(*
  Fix j with pi(j) ~= j, so j \<in> I_j, and a with
  j \<notin> I_a.  Put m = max_a(I_a - I_j) and K = I_a - {m} + {j}.  The proof rests on two facts:
  (F1) every element of I_a above m in <=_a lies in I_j (maximality of m), and
  (F2) m <_a j, because walking the necklace from a to j, m can only leave at step m.
  Gale order is handled through prefix counts: A <=_t B iff |A| = |B| and every initial
  segment of <=_t contains at least as many elements of A as of B (lemma gale_iff).
  With this, K \<in> M follows by comparing prefix counts of K with those of every I_t
  (lemma exchange_prefix_upper, which walks the necklace), and K <=_a H for every H \<in> M
  containing j follows by comparing with I_a and I_j (lemma exchange_prefix_lower).
*)

section \<open>Cyclic ranks\<close>

lemma cnext_in: "x \<in> {1..n} \<Longrightarrow> cnext n x \<in> {1..n}"
  by (auto simp: cnext_def)

lemma crank_eq:
  assumes "u \<in> {1..n}" "x \<in> {1..n}"
  shows "crank n u x = (if u \<le> x then x - u else x + n - u)"
proof (cases "u \<le> x")
  case True
  then have "x + n - u = (x - u) + n" using assms by auto
  then have "crank n u x = (x - u) mod n" by (simp add: crank_def)
  also have "\<dots> = x - u" using True assms by (intro mod_less) auto
  finally show ?thesis using True by simp
next
  case False
  then show ?thesis using assms by (simp add: crank_def)
qed

lemma crank_lt: "1 \<le> n \<Longrightarrow> crank n u x < n"
  by (simp add: crank_def)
++++++
(TASK DIRECTIONS): Scan the records for the string "auto" and show every line that contains it.

(SOLUTION TO THE PROBLEM):
  by (auto simp: cnext_def)
  then have "x + n - u = (x - u) + n" using assms by auto
  also have "\<dots> = x - u" using True assms by (intro mod_less) auto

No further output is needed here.